Consider the following scenario:

1. A goroutine (G1) spins, making many large allocations in a loop.
2. The heap is small, or there isn't actually much mark work, so the mark phase is paced to start fairly late (let's say at 95 MiB for a 100 MiB heap goal).
3. G1 is forced to assist the GC, and in doing so accumulates a lot of credit relative to the heap size (let's say 30 MiB for a 100 MiB heap goal because it over-assists -- not unheard of).
4. Through background work and assists, nearly all the work in the GC is done, right on schedule.
5. Background GC goroutines try to terminate the mark phase, but something prevents them from doing so (e.g. runtime: ReadMemStats called in a loop may prevent GC #40459, or more work is found) many times (perhaps we get unlucky).
6. G1, having accumulated a bunch of credit, continues allocating in parallel during this period, unimpeded.
7. Very little time passes, but G1 successfully uses 16 MiB of its credit to generate 16 MiB of allocations, leading to a heap of 111 MiB before sweep.

We've now exceeded the hard heap goal, which is currently 1.1 * the heap goal (so 110 MiB in this example).
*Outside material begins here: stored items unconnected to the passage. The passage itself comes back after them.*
lemma dyadic_cube_level_le:
  assumes "dyadic_cube k m \<subseteq> dyadic_cube k' (m'::'n::finite \<Rightarrow> int)"
  shows "k \<le> k'"
proof -
  have "measure lebesgue (dyadic_cube k m) \<le> measure lebesgue (dyadic_cube k' m')"
    using assms by (intro measure_mono_fmeasurable) (auto simp: fmeasurable_def emeasure_dyadic_cube)
  then have "(2 powr k) ^ CARD('n) \<le> (2 powr k') ^ CARD('n)"
    by (simp only: measure_dyadic_cube)
  then have "2 powr k \<le> 2 powr k'"
    using power_mono_iff[of "2 powr k" "2 powr k'" "CARD('n)"] by simp
  then show ?thesis by simp
qed

lemma dyadic_cube_inj:
  assumes "dyadic_cube k m = dyadic_cube k' (m'::'n::finite \<Rightarrow> int)"
  shows "k = k'" "m = m'"
proof -
  show "k = k'"
    using dyadic_cube_level_le[of k m k' m'] dyadic_cube_level_le[of k' m' k m] assms by auto
  moreover obtain x where "x \<in> dyadic_cube k m" using dyadic_cube_nonempty by blast
  moreover from this have "x \<in> dyadic_cube k' m'" using assms by simp
  ultimately show "m = m'" by (simp add: mem_dyadic_cube)
qed

definition dyadic_level :: "(real^'n::finite) set \<Rightarrow> int" where
  "dyadic_level S = (THE k. \<exists>m. S = dyadic_cube k m)"

lemma dyadic_level_cube [simp]: "dyadic_level (dyadic_cube k (m::'n::finite \<Rightarrow> int)) = k"
  unfolding dyadic_level_def by (rule the_equality) (auto dest: dyadic_cube_inj)

lemma dyadic_cubes_repr:
  assumes "S \<in> dyadic_cubes" "x \<in> S"
  shows "S = dyadic_cube (dyadic_level S) (dyadic_index (dyadic_level S) x)"
  using assms by (auto simp: dyadic_cubes_iff mem_dyadic_cube)

lemma dyadic_cubes_sets [measurable]: "S \<in> dyadic_cubes \<Longrightarrow> S \<in> sets lebesgue"
  by (auto simp: dyadic_cubes_iff)

lemma dyadic_cubes_nonempty: "S \<in> dyadic_cubes \<Longrightarrow> S \<noteq> {}"
  by (auto simp: dyadic_cubes_iff dyadic_cube_nonempty)

lemma measure_dyadic_cubes:
  fixes S :: "(real^'n::finite) set"
  shows "S \<in> dyadic_cubes \<Longrightarrow> measure lebesgue S = (2 powr dyadic_level S) ^ CARD('n)"
  by (auto simp: dyadic_cubes_iff measure_dyadic_cube)

lemma emeasure_dyadic_cubes:
  "S \<in> dyadic_cubes \<Longrightarrow> emeasure lebesgue S = ennreal (measure lebesgue S)"
  by (auto simp: dyadic_cubes_iff emeasure_dyadic_cube measure_dyadic_cube
      simp del: emeasure_completion)

lemma dyadic_cubes_measure_pos: "S \<in> dyadic_cubes \<Longrightarrow> 0 < measure lebesgue S"
  by (simp add: measure_dyadic_cubes)

lemma dyadic_cubes_fmeasurable: "S \<in> dyadic_cubes \<Longrightarrow> S \<in> fmeasurable lebesgue"
  by (auto simp: dyadic_cubes_iff fmeasurable_def emeasure_dyadic_cube simp del: emeasure_completion)

lemma dyadic_cubes_emeasure_finite: "S \<in> dyadic_cubes \<Longrightarrow> emeasure lebesgue S < \<infinity>"
  using emeasure_dyadic_cubes[of S] by (simp del: emeasure_completion)

lemma dyadic_level_mono:
  "S \<in> dyadic_cubes \<Longrightarrow> T \<in> dyadic_cubes \<Longrightarrow> S \<subseteq> T \<Longrightarrow> dyadic_level S \<le> dyadic_level T"
  by (auto simp: dyadic_cubes_iff dyadic_cube_level_le)

lemma dyadic_cube_subset_at_level:
  assumes "S \<in> dyadic_cubes" "x \<in> S" "k \<le> dyadic_level S"
  shows "dyadic_cube k (dyadic_index k x) \<subseteq> S"
  using dyadic_cube_subset_coarser[OF assms(3), of x] dyadic_cubes_repr[OF assms(1,2)] by simp

lemma dyadic_cubes_subset_of_level_le:
  assumes "S \<in> dyadic_cubes" "T \<in> dyadic_cubes" "x \<in> S" "x \<in> T"
    and "dyadic_level S \<le> dyadic_level T"
  shows "S \<subseteq> T"
  using dyadic_cube_subset_at_level[OF assms(2,4,5)] dyadic_cubes_repr[OF assms(1,3)] by simp

lemma dyadic_cubes_disjoint_or_nested:
  assumes "S \<in> dyadic_cubes" "T \<in> dyadic_cubes"
  shows "S \<inter> T = {} \<or> S \<subseteq> T \<or> T \<subseteq> S"
proof (cases "S \<inter> T = {}")
  case False
  then obtain x where "x \<in> S" "x \<in> T" by blast
  then show ?thesis
    using dyadic_cubes_subset_of_level_le[OF assms] dyadic_cubes_subset_of_level_le[OF assms(2,1)]
    by fastforce
qed simp

lemma dyadic_level_strict_mono:
  assumes "S \<in> dyadic_cubes" "T \<in> dyadic_cubes" "S \<subset> T"
  shows "dyadic_level S < dyadic_level T"
proof -
  obtain x where "x \<in> S" using dyadic_cubes_nonempty[OF assms(1)] by blast
  then have "dyadic_level S \<noteq> dyadic_level T"
    using dyadic_cubes_repr[OF assms(1)] dyadic_cubes_repr[OF assms(2)] assms(3) by fastforce
  then show ?thesis using dyadic_level_mono[OF assms(1,2)] assms(3) by fastforce
qed

lemma countable_dyadic_cubes: "countable (dyadic_cubes :: (real^'n::finite) set set)"
proof -
  have "(dyadic_cubes :: (real^'n) set set) = (\<lambda>(k, m). dyadic_cube k m) ` UNIV"
    by (force simp: dyadic_cubes_iff)
  then show ?thesis by (metis countable_image countableI_type)
qed

definition dyadic_parent :: "(real^'n::finite) set \<Rightarrow> (real^'n) set" where
  "dyadic_parent S = dyadic_cube (dyadic_level S + 1) (dyadic_index (dyadic_level S + 1) (SOME x. x \<in> S))"

lemma
  fixes S :: "(real^'n::finite) set"
  assumes S: "S \<in> dyadic_cubes"
  shows dyadic_parent_in_dyadic_cubes: "dyadic_parent S \<in> dyadic_cubes"
    and dyadic_level_parent: "dyadic_level (dyadic_parent S) = dyadic_level S + 1"
    and subset_dyadic_parent: "S \<subseteq> dyadic_parent S"
    and dyadic_parent_neq: "dyadic_parent S \<noteq> S"
    and measure_dyadic_parent:
      "measure lebesgue (dyadic_parent S) = 2 ^ CARD('n) * measure lebesgue S"
proof -
  define x where "x = (SOME x. x \<in> S)"
  have x: "x \<in> S" unfolding x_def using dyadic_cubes_nonempty[OF S] by (simp add: some_in_eq)
  show P: "dyadic_parent S \<in> dyadic_cubes" by (simp add: dyadic_parent_def)
  show L: "dyadic_level (dyadic_parent S) = dyadic_level S + 1" by (simp add: dyadic_parent_def)
  have "x \<in> dyadic_parent S" unfolding dyadic_parent_def x_def[symmetric] by (simp add: mem_dyadic_cube)
  then show "S \<subseteq> dyadic_parent S" by (rule dyadic_cubes_subset_of_level_le[OF S P x]) (simp add: L)
  show "dyadic_parent S \<noteq> S" using L by auto
  have "2 powr real_of_int (dyadic_level S + 1) = 2 * 2 powr dyadic_level S"
    by (simp add: powr_add)
  then show "measure lebesgue (dyadic_parent S) = 2 ^ CARD('n) * measure lebesgue S"
    using measure_dyadic_cubes[OF P] measure_dyadic_cubes[OF S] L by (simp add: power_mult_distrib)
qed

lemma dyadic_parent_subset:
  assumes "S \<in> dyadic_cubes" "T \<in> dyadic_cubes" "S \<subset> T"
  shows "dyadic_parent S \<subseteq> T"
proof -
  obtain x where x: "x \<in> S" using dyadic_cubes_nonempty[OF assms(1)] by blast
  then have "x \<in> dyadic_parent S" using subset_dyadic_parent[OF assms(1)] by auto
  moreover have "x \<in> T" using x assms(3) by auto
  ultimately show ?thesis
    using dyadic_level_strict_mono[OF assms] dyadic_level_parent[OF assms(1)]
    by (intro dyadic_cubes_subset_of_level_le[OF dyadic_parent_in_dyadic_cubes[OF assms(1)] assms(2)]) auto
qed

definition maximal_cubes :: "(real^'n::finite) set set \<Rightarrow> (real^'n) set set" where
  "maximal_cubes F = {T\<in>F. \<forall>T'\<in>F. T \<subseteq> T' \<longrightarrow> T' = T}"

lemma maximal_cubes_subset: "maximal_cubes F \<subseteq> F"
  by (auto simp: maximal_cubes_def)

lemma countable_maximal_cubes: "F \<subseteq> dyadic_cubes \<Longrightarrow> countable (maximal_cubes F)"
  by (meson countable_dyadic_cubes countable_subset maximal_cubes_subset order_trans)

lemma maximal_cubes_disjoint:
  assumes "F \<subseteq> dyadic_cubes"
  shows "disjoint_family_on (\<lambda>T. T) (maximal_cubes F)"
  unfolding disjoint_family_on_def
proof (intro ballI impI)
  fix T1 T2 assume T: "T1 \<in> maximal_cubes F" "T2 \<in> maximal_cubes F" "T1 \<noteq> T2"
  then have "T1 \<in> dyadic_cubes" "T2 \<in> dyadic_cubes" using assms by (auto simp: maximal_cubes_def)
  then show "T1 \<inter> T2 = {}"
    using dyadic_cubes_disjoint_or_nested[of T1 T2] T by (auto simp: maximal_cubes_def)
qed

text \<open>The members of \<open>F\<close> containing a point of \<open>S\<close> form a chain, finite by the level bound.\<close>
lemma maximal_cubes_exists:
  assumes F: "F \<subseteq> dyadic_cubes" and S: "S \<in> F" and bound: "\<And>T. T \<in> F \<Longrightarrow> dyadic_level T \<le> K"
  shows "\<exists>T\<in>maximal_cubes F. S \<subseteq> T"
proof -
  have Sd: "S \<in> dyadic_cubes" using F S by auto
  obtain x where x: "x \<in> S" using dyadic_cubes_nonempty[OF Sd] by blast
  define A where "A = {k. dyadic_level S \<le> k \<and> dyadic_cube k (dyadic_index k x) \<in> F}"
  have "A \<subseteq> {dyadic_level S..K}" unfolding A_def using bound by fastforce
  then have finA: "finite A" by (rule finite_subset) simp
  have "dyadic_level S \<in> A" unfolding A_def using dyadic_cubes_repr[OF Sd x] S by auto
  then have kA: "Max A \<in> A" using finA by (intro Max_in) auto
  define T where "T = dyadic_cube (Max A) (dyadic_index (Max A) x)"
  have xT: "x \<in> T" by (simp add: T_def mem_dyadic_cube)
  have "T' = T" if T'F: "T' \<in> F" and TT': "T \<subseteq> T'" for T'
  proof -
    have T'd: "T' \<in> dyadic_cubes" using F T'F by auto
    have r: "T' = dyadic_cube (dyadic_level T') (dyadic_index (dyadic_level T') x)"
      using dyadic_cubes_repr[OF T'd] xT TT' by auto
    have "Max A \<le> dyadic_level T'" using dyadic_level_mono[OF _ T'd TT'] by (simp add: T_def)
    then have "dyadic_level T' \<in> A" using r T'F kA by (auto simp: A_def)
    then have "dyadic_level T' = Max A" using finA \<open>Max A \<le> dyadic_level T'\<close> by (simp add: antisym)
    then show "T' = T" using r by (simp add: T_def)
  qed
  moreover have "T \<in> F" using kA by (simp add: A_def T_def)
  moreover have "S \<subseteq> T"
    by (rule dyadic_cubes_subset_of_level_le[OF Sd _ x xT]) (use kA in \<open>auto simp: A_def T_def\<close>)
  ultimately show ?thesis unfolding maximal_cubes_def by blast
qed

lemma emeasure_Union_dyadic_cubes:
  assumes "countable M" "disjoint_family_on (\<lambda>S. S) M" "M \<subseteq> dyadic_cubes"
  shows "emeasure lebesgue (\<Union>M) = (\<integral>\<^sup>+S. emeasure lebesgue S \<partial>count_space M)"
  using emeasure_UN_countable[of M "\<lambda>S. S" lebesgue] assms dyadic_cubes_sets by auto

lemma dyadic_cubes_shrink_into_open:
  fixes x :: "real^'n::finite"
  assumes "open U" "x \<in> U"
  shows "\<exists>k0. \<forall>k\<le>k0. dyadic_cube k (dyadic_index k x) \<subseteq> U"
proof -
  obtain e where e: "e > 0" "ball x e \<subseteq> U" using assms open_contains_ball by blast
  have c: "real CARD('n) > 0" by simp
  obtain n :: nat where n: "(1/2) ^ n < e / real CARD('n)"
    using real_arch_pow_inv[of "e / real CARD('n)" "1/2"] e c by auto
  have "dyadic_cube k (dyadic_index k x) \<subseteq> ball x e" if k: "k \<le> - int n" for k
  proof
    fix y assume y: "y \<in> dyadic_cube k (dyadic_index k x)"
    have "2 powr k \<le> 2 powr real_of_int (- int n)" using k by simp
    also have "\<dots> = (1/2) ^ n" by (simp add: powr_minus powr_realpow power_one_over inverse_eq_divide)
    finally have side: "2 powr k < e / real CARD('n)" using n by linarith
    have "\<bar>(y - x) $ i\<bar> < 2 powr k" for i
    proof -
      have "x \<in> dyadic_cube k (dyadic_index k x)" by (simp add: mem_dyadic_cube)
      with y show ?thesis unfolding dyadic_cube_eq_box[symmetric]
        by (auto simp: algebra_simps abs_less_iff dest!: spec[of _ i])
    qed
    then have "dist x y < (\<Sum>i\<in>(UNIV::'n set). e / real CARD('n))"
      using norm_le_l1_cart[of "y - x"] side
      by (smt (verit, ccfv_SIG) dist_norm norm_minus_commute sum_strict_mono finite UNIV_not_empty)
    then show "y \<in> ball x e" using c by simp
  qed
  then show ?thesis using e by blast
qed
The fundamental problem here is that there is nothing to push back on G1 while the GC is nearly done, or after we've exceeded the soft goal. The assist credit system is the sole mechanism through which a goroutine may be blocked and forced to assist. If it still has credit, it won't even bother. This credit mechanism is not necessarily wrong, since it's what allows us to keep the assist cost down by amortizing it, but once we're in this regime where the most important thing is to finish the GC or we're in danger of exceeding the hard goal, it stands to reason that the goroutine should not be allowed to allocate. Doing so directly may have significant negative consequences, so a real solution here needs more thought.

With larger heaps this is even less likely to happen (because allocating fast enough is hard to do), but still possible.